Strona 24 z 30 PierwszyPierwszy ... 14 22 23 24 25 26 ... OstatniOstatni
Pokaż wyniki od 231 do 240 z 293

Wątek: Dzis zaczynam

  1. #231
    Nantosvelta jest nieaktywny Nowy na forum
    Dołączył
    01-05-2004
    Posty
    0

    Domyślnie

    Oj Żabciu!
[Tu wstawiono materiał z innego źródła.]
lemma funpow_mem_interval:
  fixes w :: "real \<Rightarrow> real"
  assumes "strict_mono w" "w p = p" "\<forall>x\<in>{p<..<q}. w x < x" "x \<in> {p<..<q}"
  shows "(w ^^ n) x \<in> {p<..<q}"
proof (induction n)
  case (Suc n)
  then have "p < w ((w ^^ n) x)"
    using assms(1,2) by (metis greaterThanLessThan_iff strict_mono_less)
  moreover have "w ((w ^^ n) x) < q" using Suc assms(3) by fastforce
  ultimately show ?case by simp
qed (use assms(4) in simp)

lemma funpow_tendsto_fixed_point:
  fixes w :: "real \<Rightarrow> real"
  assumes cont: "continuous_on UNIV w" and mono: "strict_mono w" and wp: "w p = p"
    and down: "\<forall>x\<in>{p<..<q}. w x < x" and x: "x \<in> {p<..<q}"
  shows "(\<lambda>n. (w ^^ n) x) \<longlonglongrightarrow> p"
proof -
  define X where "X = (\<lambda>n. (w ^^ n) x)"
  have X_mem: "X n \<in> {p<..<q}" for n
    unfolding X_def using funpow_mem_interval[OF mono wp down x] .
  have X_Suc: "X (Suc n) = w (X n)" for n by (simp add: X_def)
  have "decseq X"
    unfolding decseq_Suc_iff using X_Suc X_mem down by (simp add: less_imp_le)
  moreover have "\<forall>n. p \<le> X n" using X_mem by (simp add: less_imp_le)
  ultimately obtain L where L: "X \<longlonglongrightarrow> L" "\<forall>n. L \<le> X n"
    using decseq_convergent by blast
  have "w L = L"
  proof (rule LIMSEQ_unique)
    show "(\<lambda>n. X (Suc n)) \<longlonglongrightarrow> L" using L(1) by (rule LIMSEQ_Suc)
    show "(\<lambda>n. X (Suc n)) \<longlonglongrightarrow> w L"
      unfolding X_Suc using L(1) cont
      by (simp add: continuous_on_eq_continuous_at isCont_tendsto_compose)
  qed
  moreover have "p \<le> L" using LIMSEQ_le_const[OF L(1)] X_mem by (simp add: less_imp_le)
  moreover have "L < q" using L(2) X_mem[of 0] by (meson greaterThanLessThan_iff le_less_trans)
  ultimately have "L = p" using down by force
  then show ?thesis using L(1) by (simp add: X_def)
qed

lemma commuting_fixes_interval:
  fixes w h :: "real \<Rightarrow> real"
  assumes cont: "continuous_on UNIV w" and mono: "strict_mono w" and wp: "w p = p"
    and down: "\<forall>x\<in>{p<..<q}. w x < x"
    and comm: "h \<circ> w = w \<circ> h" and germs: "right_affine_germs h"
    and e: "e \<in> {p<..<q}" "h e = e"
  shows "\<forall>x\<in>{p<..<q}. h x = x"
proof -
  obtain d m k where d: "d > 0" and affine: "\<forall>x\<in>{p..p+d}. h x = m * x + k"
    using germs unfolding right_affine_germs_def by blast
  have enters_germ: "\<exists>n. (w ^^ n) x < p + d" if "x \<in> {p<..<q}" for x
    using order_tendstoD(2)[OF funpow_tendsto_fixed_point[OF cont mono wp down that], of "p + d"] d
    by (auto dest: eventually_happens)
  obtain n where n: "(w ^^ n) e < p + d" using enters_germ[OF e(1)] by blast
  define x1 where "x1 = (w ^^ n) e"
  define x2 where "x2 = w x1"
  have x1: "x1 \<in> {p<..<q}" and x2: "x2 \<in> {p<..<q}"
    using funpow_mem_interval[OF mono wp down e(1), of n]
      funpow_mem_interval[OF mono wp down e(1), of "Suc n"]
    by (simp_all add: x1_def x2_def)
  have "x2 < x1" using down x1 by (simp add: x2_def)
  have "h x1 = x1" using funpow_commute_apply[OF comm] e(2) by (simp add: x1_def)
  moreover have "h x2 = x2" using comm \<open>h x1 = x1\<close> unfolding x2_def by (metis comp_apply)
  moreover have "h x1 = m * x1 + k" "h x2 = m * x2 + k"
    using affine x1 x2 n \<open>x2 < x1\<close> by (simp_all add: x1_def)
  ultimately have "(m - 1) * (x1 - x2) = 0" by (simp add: algebra_simps)
  then have "m = 1" "k = 0" using \<open>x2 < x1\<close> \<open>h x1 = x1\<close> \<open>h x1 = m * x1 + k\<close> by auto
  then have id_near_p: "h y = y" if "y \<in> {p..p+d}" for y using affine that by simp
  show ?thesis
  proof
    fix x
    assume x: "x \<in> {p<..<q}"
    obtain n where "(w ^^ n) x < p + d" using enters_germ[OF x] by blast
    then have "h ((w ^^ n) x) = (w ^^ n) x"
      using funpow_mem_interval[OF mono wp down x, of n] id_near_p by simp
    then have "(w ^^ n) (h x) = (w ^^ n) x" by (simp add: funpow_commute_apply[OF comm])
    then show "h x = x" using inj_fn[OF strict_mono_imp_inj_on[OF mono]] by (simp add: inj_eq)
  qed
qed

lemma no_fixed_point_sign:
  fixes u :: "real \<Rightarrow> real"
  assumes cont: "continuous_on UNIV u" and no_fix: "\<forall>x\<in>{p<..<q}. u x \<noteq> x"
  shows "(\<forall>x\<in>{p<..<q}. u x < x) \<or> (\<forall>x\<in>{p<..<q}. x < u x)"
proof (rule ccontr)
  assume "\<not> ?thesis"
  then obtain x1 x2 where x1: "x1 \<in> {p<..<q}" "x1 < u x1" and x2: "x2 \<in> {p<..<q}" "u x2 < x2"
    using no_fix by (metis linorder_neqE_linordered_idom)
  define g where "g x = u x - x" for x
  have "continuous_on S g" for S
    unfolding g_def by (intro continuous_intros continuous_on_subset[OF cont]) auto
  moreover have "0 < g x1" "g x2 < 0" using x1 x2 by (auto simp: g_def)
  ultimately obtain z where "z \<in> closed_segment x1 x2" "g z = 0"
    using IVT'[of g x2 0 x1] IVT2'[of g x2 0 x1]
    by (cases "x1 \<le> x2") (auto simp: closed_segment_eq_real_ivl)
  moreover have "closed_segment x1 x2 \<subseteq> {p<..<q}"
    using x1(1) x2(1) by (auto simp: closed_segment_eq_real_ivl)
  ultimately show False using no_fix by (auto simp: g_def)
qed

lemma orbital_subset_supp_of_commuting:
  assumes u: "affine_germ_homeo u" and h: "affine_germ_homeo h" and comm: "h \<circ> u = u \<circ> h"
    and a: "a \<in> supp u" "a \<in> supp h"
  shows "connected_component_set (supp u) a \<subseteq> supp h"
proof -
  have cont: "continuous_on UNIV u" and mono: "strict_mono u" and bij: "bij u"
    and outside: "\<forall>x. x \<notin> {0..1} \<longrightarrow> u x = x" and germs: "right_affine_germs h"
    using u h unfolding affine_germ_homeo_def by auto
  obtain p q where up: "u p = p" and uq: "u q = q"
    and C: "connected_component_set (supp u) a = {p<..<q}"
    using connected_component_supp_interval[OF cont outside a(1)] by blast
  have no_fix: "\<forall>x\<in>{p<..<q}. u x \<noteq> x"
    using connected_component_subset[of "supp u" a] C by (auto simp: supp_def)
  have "h e \<noteq> e" if e: "e \<in> {p<..<q}" for e
  proof
    assume he: "h e = e"
    from no_fixed_point_sign[OF cont no_fix]
    have "\<forall>x\<in>{p<..<q}. h x = x"
    proof
      assume "\<forall>x\<in>{p<..<q}. u x < x"
      then show ?thesis using commuting_fixes_interval[OF cont mono up _ comm germs e he] by blast
    next
      assume up_right: "\<forall>x\<in>{p<..<q}. x < u x"
      have w: "continuous_on UNIV (inv u)" "strict_mono (inv u)"
        using affine_germ_homeo_inv[OF u] unfolding affine_germ_homeo_def by auto
      have u_inv: "u (inv u x) = x" for x using bij by (simp add: bij_is_surj surj_f_inv_f)
      have wp: "inv u p = p" "inv u q = q" using up uq bij by (simp_all add: bij_is_inj inv_f_eq)
      have "inv u x < x" if "x \<in> {p<..<q}" for x
      proof -
        have "inv u p < inv u x" "inv u x < inv u q"
          using that w(2) by (auto simp: strict_mono_less)
        then have "inv u x \<in> {p<..<q}" using wp by simp
        then show ?thesis using up_right u_inv by metis
      qed
      moreover have "h \<circ> inv u = inv u \<circ> h"
      proof
        fix x
        have "u (h (inv u x)) = h x" using comm u_inv by (metis comp_apply)
        then show "(h \<circ> inv u) x = (inv u \<circ> h) x" using bij by (simp add: bij_is_inj inv_f_eq)
      qed
      ultimately show ?thesis using commuting_fixes_interval[OF w wp(1) _ _ germs e he] by blast
    qed
    then show False using a C connected_component_refl_eq by (auto simp: supp_def)
  qed
  then show ?thesis using C by (auto simp: supp_def)
qed

lemma commuting_same_orbital:
  assumes "affine_germ_homeo u" "affine_germ_homeo h" "h \<circ> u = u \<circ> h"
    and "a \<in> supp u" "a \<in> supp h"
  shows "connected_component_set (supp u) a = connected_component_set (supp h) a"
proof -
  have sub: "connected_component_set (supp v) a \<subseteq> connected_component_set (supp g) a"
    if "affine_germ_homeo v" "affine_germ_homeo g" "g \<circ> v = v \<circ> g" "a \<in> supp v" "a \<in> supp g"
    for v g
    using that orbital_subset_supp_of_commuting[OF that]
    by (intro connected_component_maximal) auto
  show ?thesis
    using sub[OF assms] sub[OF assms(2,1) assms(3)[symmetric] assms(5,4)] by (rule subset_antisym)
qed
Normalnie super masz pomysł chyba to wypróbuje na szczęście mam teflonik to smaże bez oleju

  2. #232
    jado jest nieaktywny Nowy na forum
    Dołączył
    26-07-2004
    Posty
    0

    Domyślnie

    AGATKO, kwiatuszku,

    Twój misio jest bardzo milusi, więc nie wiem czy będzie dobrze wyglądał, jak go odchudzisz .
    Misie lepiej wyglądają, gdy są podtuczone, ale my ludzie lepiej się czujemy i wyglądamy, gdy jesteśmy odchudzeni.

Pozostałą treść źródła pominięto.